Beginning in 1995, it employed Toliver as one of its doctors.  It
maintained its office in a building owned by Competitive Strategies, Inc.
Bob White was the administrator of Convenient and president of Competitive.
Effective March 2, 1996, Convenient and Toliver entered into a written
employment agreement.  They provided that Convenient
hereby employs . . . Toliver . . . and {Toliver} hereby accepts employment
. . . for a period of 12 months, at a basic rate of $25.00 per hour plus
18% (eighteen per cent) of adjusted charges.  Without either party's being
bound, {Convenient} and {Toliver} anticipate their mutual renewal of this
Agreement . . . from a fiscal year to a fiscal year . . . unless either
party notifies the other in writing to the contrary at least sixty (60)
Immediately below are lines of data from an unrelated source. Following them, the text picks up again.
lemma sorted_key_list_of_set_inj_on:
  assumes "inj_on f S" "A \<subseteq> S" "finite A"
  shows "set (sorted_key_list_of_set f A) = A" "distinct (sorted_key_list_of_set f A)"
proof -
  interpret folding_insort_key "(\<le>)" "(<)" S f by unfold_locales (rule assms(1))
  show "set (sorted_key_list_of_set f A) = A"
    using assms(2,3) by simp
  show "distinct (sorted_key_list_of_set f A)"
    using distinct_sorted_key_list_of_set[OF assms(2)] distinct_map by blast
qed

end

locale decoupled_process =
  fixes \<alpha> \<beta> :: real and V :: "'v set" and r :: 'v and p :: "'v \<Rightarrow> 'v" and ord :: "'v \<Rightarrow> nat"
  assumes ord_inj: "inj_on ord V"
    and finite_children: "\<And>u. finite {v\<in>V. v \<noteq> r \<and> p v = u}"
begin

definition active_nodes :: "'v dstate \<Rightarrow> 'v set" where
  "active_nodes s = {v\<in>V. v \<noteq> r \<and> fst s v \<noteq> None}"

definition frontier_nodes :: "'v dstate \<Rightarrow> 'v set" where
  "frontier_nodes s = {v\<in>V. v \<noteq> r \<and> fst s v = None \<and> fst s (p v) \<noteq> None}"

definition copied_origins :: "'v dstate \<Rightarrow> ('v \<Rightarrow> bool) \<Rightarrow> 'v \<Rightarrow> nat option" where
  "copied_origins s coins = (\<lambda>v. if v = r then Some 0
     else if v \<in> active_nodes s then (if coins v then fst s (p v) else fst s v) else None)"

definition frontier_list :: "'v dstate \<Rightarrow> 'v list" where
  "frontier_list s = sorted_key_list_of_set ord (frontier_nodes s)"

definition step_result :: "'v dstate \<Rightarrow> ('v \<Rightarrow> bool) \<times> ('v \<Rightarrow> bool \<times> int) \<Rightarrow> 'v dstate" where
  "step_result s cx = assign_fold (\<lambda>v. fst s (p v)) (frontier_list s) (snd cx)
      (copied_origins s (fst cx), fst (snd s), snd (snd s))"

definition wf_state :: "'v dstate \<Rightarrow> bool" where
  "wf_state s \<longleftrightarrow> fst s r = Some 0 \<and> (\<forall>v k. fst s v = Some k \<longrightarrow> k < fst (snd s))
     \<and> finite {v. fst s v \<noteq> None}"

lemma finite_frontier_nodes:
  assumes "wf_state s"
  shows "finite (frontier_nodes s)"
proof (rule finite_subset)
  show "frontier_nodes s \<subseteq> (\<Union>u\<in>{v. fst s v \<noteq> None}. {v\<in>V. v \<noteq> r \<and> p v = u})"
    by (auto simp: frontier_nodes_def)
  show "finite (\<Union>u\<in>{v. fst s v \<noteq> None}. {v\<in>V. v \<noteq> r \<and> p v = u})"
    using assms finite_children by (auto simp: wf_state_def)
qed

lemma set_frontier_list: "wf_state s \<Longrightarrow> set (frontier_list s) = frontier_nodes s"
  and distinct_frontier_list: "wf_state s \<Longrightarrow> distinct (frontier_list s)"
  using sorted_key_list_of_set_inj_on[OF ord_inj, of "frontier_nodes s"] finite_frontier_nodes[of s]
  by (auto simp: frontier_list_def frontier_nodes_def)

lemma finite_active_nodes: "wf_state s \<Longrightarrow> finite (active_nodes s)"
  by (rule finite_subset[of _ "{v. fst s v \<noteq> None}"]) (auto simp: active_nodes_def wf_state_def)

lemma dstep_eq_map_step_result:
  assumes "wf_state s"
  shows "dstep \<alpha> \<beta> V r p ord s = map_pmf (step_result s)
     (pair_pmf (Pi_pmf (active_nodes s) False (\<lambda>_. bernoulli_pmf \<beta>))
        (Pi_pmf (frontier_nodes s) (False, 0) (\<lambda>_. label_pmf \<alpha>)))"
proof -
  have gval: "gval s v = None \<longleftrightarrow> fst s v = None" for v
    by (simp add: gval_def split: option.split)
  show ?thesis
    unfolding dstep_def Let_def gval active_nodes_def[symmetric] frontier_nodes_def[symmetric]
      frontier_list_def[symmetric]
    by (simp only: foldl_assign_eq_map_Pi_pmf[OF distinct_frontier_list[OF assms]] set_frontier_list[OF assms])
      (simp add: pair_pmf_def map_pmf_def bind_assoc_pmf bind_return_pmf step_result_def
        copied_origins_def label_pmf_def; simp only: fst_conv)
qed

lemma step_result_origin:
  assumes "wf_state s" and "step_result s (coins, x) = (org', c', Z')"
  shows "fst (snd s) \<le> c'"
    and "\<And>v. v \<notin> frontier_nodes s \<Longrightarrow> org' v = copied_origins s coins v"
    and "\<And>v. v \<in> frontier_nodes s \<Longrightarrow> \<not> fst (x v) \<Longrightarrow> org' v = fst s (p v)"
    and "\<And>v. v \<in> frontier_nodes s \<Longrightarrow> fst (x v) \<Longrightarrow> \<exists>k. org' v = Some k \<and> fst (snd s) \<le> k \<and> k < c'"
    and "\<And>u v. u \<in> frontier_nodes s \<Longrightarrow> v \<in> frontier_nodes s \<Longrightarrow> fst (x u) \<Longrightarrow> fst (x v) \<Longrightarrow> u \<noteq> v
           \<Longrightarrow> org' u \<noteq> org' v"
  using assign_fold_spec[OF distinct_frontier_list[OF assms(1)]
      assms(2)[unfolded step_result_def snd_conv fst_conv]]
  unfolding set_frontier_list[OF assms(1)] by simp_all

lemma wf_state_step_result:
  assumes wf: "wf_state s"
  shows "wf_state (step_result s (coins, x))"
proof -
  obtain org' c' Z' where res: "step_result s (coins, x) = (org', c', Z')"
    by (cases "step_result s (coins, x)") auto
  note origin = step_result_origin[OF wf res]
  have labels: "\<And>v k. fst s v = Some k \<Longrightarrow> k < fst (snd s)" and root: "fst s r = Some 0"
    using wf by (auto simp: wf_state_def)
  have r_frontier: "r \<notin> frontier_nodes s" by (simp add: frontier_nodes_def)
  have "org' r = Some 0" using origin(2)[OF r_frontier] by (simp add: copied_origins_def)
  moreover have "k < c'" if "org' v = Some k" for v k
  proof (cases "v \<in> frontier_nodes s")
    case True
    then show ?thesis using origin(1,3,4) that labels by (cases "fst (x v)") fastforce+
  next
    case False
    then have "org' v = Some 0 \<or> org' v = fst s (p v) \<or> org' v = fst s v"
      using origin(2) that by (auto simp: copied_origins_def split: if_splits)
    then show ?thesis using that labels root origin(1) by fastforce
  qed
  moreover have "{v. org' v \<noteq> None} \<subseteq> insert r (frontier_nodes s \<union> {v. fst s v \<noteq> None})"
  proof
    fix v assume "v \<in> {v. org' v \<noteq> None}"
    then show "v \<in> insert r (frontier_nodes s \<union> {v. fst s v \<noteq> None})"
      using origin(2)[of v] by (cases "v \<in> frontier_nodes s")
        (auto simp: copied_origins_def active_nodes_def split: if_splits)
  qed
  then have "finite {v. org' v \<noteq> None}"
    by (rule finite_subset) (use finite_frontier_nodes[OF wf] wf in \<open>simp add: wf_state_def\<close>)
  ultimately show ?thesis by (simp add: res wf_state_def)
qed

lemma wf_state_dproc: "s \<in> set_pmf (dproc \<alpha> \<beta> V r p ord t) \<Longrightarrow> wf_state s"
proof (induction t arbitrary: s)
  case 0
  then show ?case by (simp add: dinit_def wf_state_def)
next
  case (Suc t)
  then obtain s0 where s0: "s0 \<in> set_pmf (dproc \<alpha> \<beta> V r p ord t)" "s \<in> set_pmf (dstep \<alpha> \<beta> V r p ord s0)"
    by auto
  have wf: "wf_state s0" using Suc.IH[OF s0(1)] .
  then obtain coins x where "s = step_result s0 (coins, x)"
    using s0(2) by (auto simp: dstep_eq_map_step_result)
  then show ?case using wf_state_step_result[OF wf] by simp
qed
days before the end of {Convenient's} fiscal year.  In addition, {Toliver}
will receive a proportional distribution of revenues generated through
managed care programs.{1}

     On October 19, 1996, Toliver and White signed a 'memorandum'
concerning a weight management program.  They stated in part:
It is our common goal to develop the program and move it to another
location.  In addition, a new business entity will be created.  You will
establish ownership in the new entity.  Competitive . . . will provide
management services to the new entity.
     . . . .
During the development phase of the program at Convenient Healthcare,
revenues from the professional fee component will be divided equally . . .
between you and the clinic. . . .  You will not provide other medical
services . . . while you are providing weight management services.  You
will . . . not provide weight management services while you are working as
our urgent care physician.{2}

White signed the memorandum without stating his principal and his title, so
the memorandum does not show whether he was signing for Competitive,
Convenient, or both.
     Toliver began the weight management program in Convenient's place of
business and Competitive's building.  In July 1997, however, he moved the
program to a new location without notice to Convenient.  On August 6, 1997,
Convenient terminated his employment, effective October 5, 1997, because he
had moved the program without notice.
     On August 24, 1999, Toliver sued Convenient for unpaid wages.  Relying
on the March 2 employment agreement, he claimed that Convenient had
willfully withheld his proportional share of 1996 revenues from managed
care programs; that the unpaid amount constituted unpaid wages; and that he
should receive double damages under RCW 49.52.050 and .070.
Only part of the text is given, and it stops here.